*Exercise data:*
(* Let $P$ be a poset and $v$ an assignment of variables to elements of $P$. Then for all $n\in\omega$ and $1\leq k,r,s<\omega$: $P,v\models\phi_{krsn}(x_1,\ldots,x_k,y)$ if and only if $\exists$ has an $n$-strategy for the $(\alpha,\beta)$-game with starting position $(\{v(x_1),\ldots,v(x_k)\},\{v(y)\})$ for all $2\leq\alpha\leq r+1$ and $2\leq\beta\leq s+1$.
   Context: Work in the first-order signature with one binary relation $\leq$; write $\vec{x}_k=(x_1,\ldots,x_k)$. For $1\leq k<\omega$: $J_k(\vec{x}_k,y)$ is a formula holding under $v$ iff $v(y)$ is the join of $\{v(x_1),\ldots,v(x_k)\}$, and $M_k(\vec{x}_k,y)$ iff $v(y)$ is their meet; $C_k(\vec{x}_k,y)=\bigvee_{i=1}^k(y=x_i)$ and $D_k=\neg C_k$; $C_{km}(\vec{x}_k,\vec{y}_m)$ holds iff $\{v(y_1),\ldots,v(y_m)\}\subseteq\{v(x_1),\ldots,v(x_k)\}$. Define $\sigma_k(\vec{x}_k,c)=\exists z(C_k(\vec{x}_k,z)\wedge z\leq c)$, $\tau_{kr}(\vec{x}_k,\vec{a}_r,c)=C_{kr}(\vec{x}_k,\vec{a}_r)\wedge M_r(\vec{a}_r,c)$, $\rho_{ks}(\vec{x}_k,\vec{b}_s)=\exists z(C_k(\vec{x}_k,z)\wedge J_s(\vec{b}_s,z))$. Define recursively $\phi_{krs0}(\vec{x}_k,y)=D_k(\vec{x}_k,y)$ and $\phi_{krs(n+1)}(\vec{x}_k,y)=\forall\vec{a}_r\forall\vec{b}_s\forall c\Big(\big(\sigma_k(\vec{x}_k,c)\to\phi_{(k+1)rsn}(\vec{x}_k,c,y)\big)\wedge\big(\tau_{kr}(\vec{x}_k,\vec{a}_r,c)\to\phi_{(k+1)rsn}(\vec{x}_k,c,y)\big)\wedge\big(\rho_{ks}(\vec{x}_k,\vec{b}_s)\to\bigvee_{i=1}^s\phi_{(k+1)rsn}(\vec{x}_k,b_i,y)\big)\Big)$. The $(\alpha,\beta)$-game on $P$ with starting position $(U_0,V)$ is played between $\forall$ and $\exists$ in rounds $0,1,2,\ldots$; a set $U$ is maintained, initially $U_0$, with $V$ fixed. Each round $\forall$ moves and $\exists$ responds: (1) if $b\geq a$ for some $a\in U$, $\forall$ may play $(b)$ and $\exists$ must add $b$ to $U$; (2) if $A\subseteq U$ with $|A|<\alpha$ and $\bigwedge A$ exists in $P$, $\forall$ may play $A$ and $\exists$ must add $\bigwedge A$ to $U$; (3) if $B\subseteq P$ with $|B|<\beta$ and $\bigvee B$ exists and lies in $U$, $\forall$ may play $B$ and $\exists$ must choose some $b\in B$ and add it to $U$. $\forall$ wins in round $n$ if $U\cap V\neq\emptyset$ at the beginning of round $n$. $\exists$ has an $n$-strategy if she can guarantee that $\forall$ does not win until at least round $n+1$. *)

theory Defs
  imports Main
begin

text \<open>The poset P is modelled as a type of class order. Variables x_1..x_k are
  modelled by a function x :: nat => 'a (only the values at 1..k matter).\<close>

definition is_meet :: "'a::order set \<Rightarrow> 'a \<Rightarrow> bool" where
  "is_meet A m \<longleftrightarrow> (\<forall>a\<in>A. m \<le> a) \<and> (\<forall>z. (\<forall>a\<in>A. z \<le> a) \<longrightarrow> z \<le> m)"

definition is_join :: "'a::order set \<Rightarrow> 'a \<Rightarrow> bool" where
  "is_join B j \<longleftrightarrow> (\<forall>b\<in>B. b \<le> j) \<and> (\<forall>z. (\<forall>b\<in>B. b \<le> z) \<longrightarrow> j \<le> z)"

definition C_k :: "nat \<Rightarrow> (nat \<Rightarrow> 'a) \<Rightarrow> 'a \<Rightarrow> bool" where
  "C_k k x y \<longleftrightarrow> (\<exists>i\<in>{1..k}. y = x i)"

definition D_k :: "nat \<Rightarrow> (nat \<Rightarrow> 'a) \<Rightarrow> 'a \<Rightarrow> bool" where
  "D_k k x y \<longleftrightarrow> \<not> C_k k x y"

definition C_km :: "nat \<Rightarrow> nat \<Rightarrow> (nat \<Rightarrow> 'a) \<Rightarrow> (nat \<Rightarrow> 'a) \<Rightarrow> bool" where
  "C_km k m x y \<longleftrightarrow> y ` {1..m} \<subseteq> x ` {1..k}"

definition M_k :: "nat \<Rightarrow> (nat \<Rightarrow> 'a::order) \<Rightarrow> 'a \<Rightarrow> bool" where
  "M_k k x y \<longleftrightarrow> is_meet (x ` {1..k}) y"

definition J_k :: "nat \<Rightarrow> (nat \<Rightarrow> 'a::order) \<Rightarrow> 'a \<Rightarrow> bool" where
  "J_k k x y \<longleftrightarrow> is_join (x ` {1..k}) y"

definition sigma_k :: "nat \<Rightarrow> (nat \<Rightarrow> 'a::order) \<Rightarrow> 'a \<Rightarrow> bool" where
  "sigma_k k x c \<longleftrightarrow> (\<exists>z. C_k k x z \<and> z \<le> c)"

definition tau_kr :: "nat \<Rightarrow> nat \<Rightarrow> (nat \<Rightarrow> 'a::order) \<Rightarrow> (nat \<Rightarrow> 'a) \<Rightarrow> 'a \<Rightarrow> bool" where
  "tau_kr k r x a c \<longleftrightarrow> C_km k r x a \<and> M_k r a c"

definition rho_ks :: "nat \<Rightarrow> nat \<Rightarrow> (nat \<Rightarrow> 'a::order) \<Rightarrow> (nat \<Rightarrow> 'a) \<Rightarrow> bool" where
  "rho_ks k s x b \<longleftrightarrow> (\<exists>z. C_k k x z \<and> J_k s b z)"

text \<open>Satisfaction of phi_{krsn}(x_1..x_k, y): the tuple (x_1..x_k, c) is x(k+1 := c).\<close>

fun phi :: "nat \<Rightarrow> nat \<Rightarrow> nat \<Rightarrow> nat \<Rightarrow> (nat \<Rightarrow> 'a::order) \<Rightarrow> 'a \<Rightarrow> bool" where
  "phi k r s 0 x y = D_k k x y"
| "phi k r s (Suc n) x y =
     (\<forall>a b c.
        (sigma_k k x c \<longrightarrow> phi (k+1) r s n (x(k+1 := c)) y) \<and>
        (tau_kr k r x a c \<longrightarrow> phi (k+1) r s n (x(k+1 := c)) y) \<and>
        (rho_ks k s x b \<longrightarrow> (\<exists>i\<in>{1..s}. phi (k+1) r s n (x(k+1 := b i)) y)))"

text \<open>If she cannot respond to a legal move she loses.\<close>

fun exists_strategy :: "nat \<Rightarrow> nat \<Rightarrow> nat \<Rightarrow> 'a::order set \<Rightarrow> 'a set \<Rightarrow> bool" where
  "exists_strategy \<alpha> \<beta> 0 U V = (U \<inter> V = {})"
| "exists_strategy \<alpha> \<beta> (Suc n) U V =
     (U \<inter> V = {} \<and>
      (\<forall>a b. a \<in> U \<and> a \<le> b \<longrightarrow> exists_strategy \<alpha> \<beta> n (insert b U) V) \<and>
      (\<forall>A m. A \<subseteq> U \<and> finite A \<and> card A < \<alpha> \<and> is_meet A m
              \<longrightarrow> exists_strategy \<alpha> \<beta> n (insert m U) V) \<and>
      (\<forall>B j. finite B \<and> card B < \<beta> \<and> is_join B j \<and> j \<in> U
              \<longrightarrow> (\<exists>b\<in>B. exists_strategy \<alpha> \<beta> n (insert b U) V)))"

end

theory Submission
  imports Defs
begin

text \<open>One quantifier block of \<open>\<phi>\<close> offers \<forall>
  exactly the moves of one round of the (r+1, s+1)-game at position ({x_1..x_k}, {y}): the
  tuples a and b enumerate all nonempty sets of at most r resp. s elements, and \<open>\<sigma>\<close> covers
  the upward moves as well as the degenerate moves with A or B empty (the meet of \<emptyset> is the
  top element, the join of \<emptyset> the bottom). By induction on n, \<open>\<phi>\<^sub>k\<^sub>r\<^sub>s\<^sub>n\<close> thus
  expresses an n-strategy in the (r+1, s+1)-game, and smaller \<alpha>, \<beta> only restrict \<forall>.\<close>

definition can_answer :: "nat \<Rightarrow> nat \<Rightarrow> 'a::order set \<Rightarrow> ('a \<Rightarrow> bool) \<Rightarrow> bool" where
  "can_answer \<alpha> \<beta> U P \<longleftrightarrow>
     (\<forall>a b. a \<in> U \<and> a \<le> b \<longrightarrow> P b) \<and>
     (\<forall>A m. A \<subseteq> U \<and> finite A \<and> card A < \<alpha> \<and> is_meet A m \<longrightarrow> P m) \<and>
     (\<forall>B j. finite B \<and> card B < \<beta> \<and> is_join B j \<and> j \<in> U \<longrightarrow> (\<exists>b\<in>B. P b))"

lemma can_answer_upD: "can_answer \<alpha> \<beta> U P \<Longrightarrow> a \<in> U \<Longrightarrow> a \<le> b \<Longrightarrow> P b"
  by (simp add: can_answer_def)

lemma can_answer_meetD:
  "can_answer \<alpha> \<beta> U P \<Longrightarrow> A \<subseteq> U \<Longrightarrow> finite A \<Longrightarrow> card A < \<alpha> \<Longrightarrow> is_meet A m \<Longrightarrow> P m"
  by (simp add: can_answer_def)

lemma can_answer_joinD:
  "can_answer \<alpha> \<beta> U P \<Longrightarrow> finite B \<Longrightarrow> card B < \<beta> \<Longrightarrow> is_join B j \<Longrightarrow> j \<in> U \<Longrightarrow> \<exists>b\<in>B. P b"
  unfolding can_answer_def by blast

lemma exists_strategy_Suc_iff:
  "exists_strategy \<alpha> \<beta> (Suc n) U V \<longleftrightarrow>
     U \<inter> V = {} \<and> can_answer \<alpha> \<beta> U (\<lambda>c. exists_strategy \<alpha> \<beta> n (insert c U) V)"
  by (simp add: can_answer_def)

lemma exists_strategy_disjoint: "exists_strategy \<alpha> \<beta> n U V \<Longrightarrow> U \<inter> V = {}"
  by (cases n) auto

lemma can_answer_mono:
  assumes "can_answer \<alpha> \<beta> U P" "\<alpha>' \<le> \<alpha>" "\<beta>' \<le> \<beta>" "\<And>c. P c \<Longrightarrow> Q c"
  shows "can_answer \<alpha>' \<beta>' U Q"
  using assms unfolding can_answer_def by (meson order_less_le_trans)

lemma exists_strategy_mono:
  "exists_strategy \<alpha> \<beta> n U V \<Longrightarrow> \<alpha>' \<le> \<alpha> \<Longrightarrow> \<beta>' \<le> \<beta> \<Longrightarrow> exists_strategy \<alpha>' \<beta>' n U V"
proof (induction n arbitrary: U)
  case 0
  then show ?case by simp
next
  case (Suc n)
  then have "can_answer \<alpha> \<beta> U (\<lambda>c. exists_strategy \<alpha> \<beta> n (insert c U) V)"
    by (simp only: exists_strategy_Suc_iff)
  then have "can_answer \<alpha>' \<beta>' U (\<lambda>c. exists_strategy \<alpha>' \<beta>' n (insert c U) V)"
    by (rule can_answer_mono) (use Suc in auto)
  then show ?case
    using Suc.prems(1) by (simp only: exists_strategy_Suc_iff)
qed

lemma ex_image_atLeastAtMost_eq:
  assumes "finite A" "A \<noteq> {}" "card A \<le> r"
  shows "\<exists>a :: nat \<Rightarrow> 'a. a ` {1..r} = A"
proof -
  obtain h where h: "bij_betw h {1..card A} A"
    using ex_bij_betw_nat_finite_1[OF assms(1)] by blast
  have "card A \<ge> 1"
    using assms(1,2) by (simp add: Suc_leI card_gt_0_iff)
  then have "(\<lambda>i. min i (card A)) ` {1..r} = {1..card A}"
    using assms(3) by (force simp: image_iff)
  then have "h ` (\<lambda>i. min i (card A)) ` {1..r} = A"
    using h by (simp add: bij_betw_def)
  then show ?thesis
    by (metis image_comp)
qed

lemma image_fun_upd_atLeastAtMost_Suc:
  "(x(Suc k := c)) ` {1..Suc k} = insert c (x ` {1..k})"
proof -
  have "{1..Suc k} = insert (Suc k) {1..k}"
    by auto
  then show ?thesis
    by auto
qed

lemma C_k_iff: "C_k k x z \<longleftrightarrow> z \<in> x ` {1..k}"
  by (auto simp: C_k_def)

lemma sigma_k_iff: "sigma_k k x c \<longleftrightarrow> (\<exists>z\<in>x ` {1..k}. z \<le> c)"
  by (auto simp: sigma_k_def C_k_iff)

lemma tau_kr_iff: "tau_kr k r x a c \<longleftrightarrow> a ` {1..r} \<subseteq> x ` {1..k} \<and> is_meet (a ` {1..r}) c"
  by (simp add: tau_kr_def C_km_def M_k_def)

lemma rho_ks_iff: "rho_ks k s x b \<longleftrightarrow> (\<exists>z\<in>x ` {1..k}. is_join (b ` {1..s}) z)"
  by (auto simp: rho_ks_def J_k_def C_k_iff)

lemma phi_imp_notin: "phi k r s n x y \<Longrightarrow> y \<notin> x ` {1..k}"
proof (induction n arbitrary: k x)
  case 0
  then show ?case by (simp add: D_k_def C_k_iff)
next
  case (Suc n)
  show ?case
  proof
    assume "y \<in> x ` {1..k}"
    then have "phi (Suc k) r s n (x(Suc k := y)) y"
      using Suc.prems by (auto simp: sigma_k_iff)
    moreover have "y \<in> (x(Suc k := y)) ` {1..Suc k}"
      by auto
    ultimately show False
      using Suc.IH by blast
  qed
qed

lemma phi_Suc_iff:
  fixes x :: "nat \<Rightarrow> 'a::order"
  assumes "1 \<le> k"
  shows "phi k r s (Suc n) x y \<longleftrightarrow>
    can_answer (Suc r) (Suc s) (x ` {1..k}) (\<lambda>c. phi (Suc k) r s n (x(Suc k := c)) y)"
    (is "_ \<longleftrightarrow> can_answer _ _ ?X ?P")
proof
  assume "phi k r s (Suc n) x y"
  then have sigma: "\<And>c. sigma_k k x c \<Longrightarrow> ?P c"
    and tau: "\<And>a c. tau_kr k r x a c \<Longrightarrow> ?P c"
    and rho: "\<And>b. rho_ks k s x b \<Longrightarrow> \<exists>i\<in>{1..s}. ?P (b i)"
    unfolding phi.simps Suc_eq_plus1 [symmetric] by blast+
  have up: "?P c" if "z \<in> ?X" "z \<le> c" for z c
    using that sigma by (auto simp: sigma_k_iff)
  show "can_answer (Suc r) (Suc s) ?X ?P"
    unfolding can_answer_def
  proof (intro conjI allI impI)
    fix a b
    assume "a \<in> ?X \<and> a \<le> b"
    then show "?P b" using up by blast
  next
    fix A m
    assume A: "A \<subseteq> ?X \<and> finite A \<and> card A < Suc r \<and> is_meet A m"
    show "?P m"
    proof (cases "A = {}")
      case True
      then have "x 1 \<le> m" using A by (simp add: is_meet_def)
      then show ?thesis using up[of "x 1" m] assms by simp
    next
      case False
      then obtain a where "a ` {1..r} = A"
        using A ex_image_atLeastAtMost_eq[of A r] by auto
      then show ?thesis
        using A tau by (auto simp: tau_kr_iff)
    qed
  next
    fix B j
    assume B: "finite B \<and> card B < Suc s \<and> is_join B j \<and> j \<in> ?X"
    show "\<exists>b\<in>B. ?P b"
    proof (cases "B = {}")
      case True
      \<comment> \<open>j is then the least element, so \<open>\<sigma>\<close> already lets \<forall> add y\<close>
      then have "?P y" using B up by (auto simp: is_join_def)
      then show ?thesis
        using phi_imp_notin by (fastforce simp: image_fun_upd_atLeastAtMost_Suc)
    next
      case False
      then obtain b where "b ` {1..s} = B"
        using B ex_image_atLeastAtMost_eq[of B s] by auto
      then have "rho_ks k s x b"
        using B by (auto simp: rho_ks_iff)
      then have "\<exists>i\<in>{1..s}. ?P (b i)"
        by (rule rho)
      then show ?thesis
        using \<open>b ` {1..s} = B\<close> by blast
    qed
  qed
next
  assume ans: "can_answer (Suc r) (Suc s) ?X ?P"
  have card_image_less: "card (f ` {1..m}) < Suc m" for f :: "nat \<Rightarrow> 'a" and m
    using card_image_le[of "{1..m}" f] by simp
  show "phi k r s (Suc n) x y"
    unfolding phi.simps Suc_eq_plus1 [symmetric]
  proof (intro allI conjI impI)
    fix c
    assume "sigma_k k x c"
    then show "?P c"
      using can_answer_upD[OF ans] by (auto simp: sigma_k_iff)
  next
    fix a c
    assume "tau_kr k r x a c"
    then show "?P c"
      using can_answer_meetD[OF ans, of "a ` {1..r}" c] card_image_less[of a r] by (simp add: tau_kr_iff)
  next
    fix b
    assume "rho_ks k s x b"
    then obtain j where "j \<in> ?X" "is_join (b ` {1..s}) j"
      by (auto simp: rho_ks_iff)
    then have "\<exists>w\<in>b ` {1..s}. ?P w"
      using can_answer_joinD[OF ans] card_image_less by blast
    then show "\<exists>i\<in>{1..s}. ?P (b i)"
      by blast
  qed
qed

lemma phi_iff_exists_strategy:
  assumes "1 \<le> k"
  shows "phi k r s n x y \<longleftrightarrow> exists_strategy (Suc r) (Suc s) n (x ` {1..k}) {y}"
  using assms
proof (induction n arbitrary: k x)
  case 0
  then show ?case by (auto simp: D_k_def C_k_iff)
next
  case (Suc n)
  let ?X = "x ` {1..k}" and ?E = "exists_strategy (Suc r) (Suc s) n"
  have IH: "phi (Suc k) r s n (x(Suc k := c)) y \<longleftrightarrow> ?E (insert c ?X) {y}" for c
  proof -
    have "phi (Suc k) r s n (x(Suc k := c)) y \<longleftrightarrow> ?E ((x(Suc k := c)) ` {1..Suc k}) {y}"
      by (rule Suc.IH) simp
    then show ?thesis
      by (simp only: image_fun_upd_atLeastAtMost_Suc)
  qed
  have "phi k r s (Suc n) x y \<longleftrightarrow> can_answer (Suc r) (Suc s) ?X (\<lambda>c. ?E (insert c ?X) {y})"
    by (simp only: phi_Suc_iff[OF Suc.prems] IH)
  moreover have "y \<notin> ?X" if "can_answer (Suc r) (Suc s) ?X (\<lambda>c. ?E (insert c ?X) {y})"
    using can_answer_upD[OF that, of y y] exists_strategy_disjoint by blast
  ultimately show ?case
    unfolding exists_strategy_Suc_iff by blast
qed

theorem lemma5p3:
  fixes x :: "nat \<Rightarrow> 'a::order" and y :: 'a and k r s n :: nat
  assumes "1 \<le> k" and "1 \<le> r" and "1 \<le> s"
  shows "phi k r s n x y \<longleftrightarrow>
    (\<forall>\<alpha> \<beta>. 2 \<le> \<alpha> \<and> \<alpha> \<le> r + 1 \<and> 2 \<le> \<beta> \<and> \<beta> \<le> s + 1 \<longrightarrow>
        exists_strategy \<alpha> \<beta> n (x ` {1..k}) {y})"
  using phi_iff_exists_strategy[OF assms(1)] exists_strategy_mono assms(2,3) by fastforce

end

*What is needed:* Looking at the entries above, copy out every line in which "induction" occurs.

*Result of this exercise:*
  top element, the join of \<emptyset> the bottom). By induction on n, \<open>\<phi>\<^sub>k\<^sub>r\<^sub>s\<^sub>n\<close> thus
proof (induction n arbitrary: U)
proof (induction n arbitrary: k x)
proof (induction n arbitrary: k x)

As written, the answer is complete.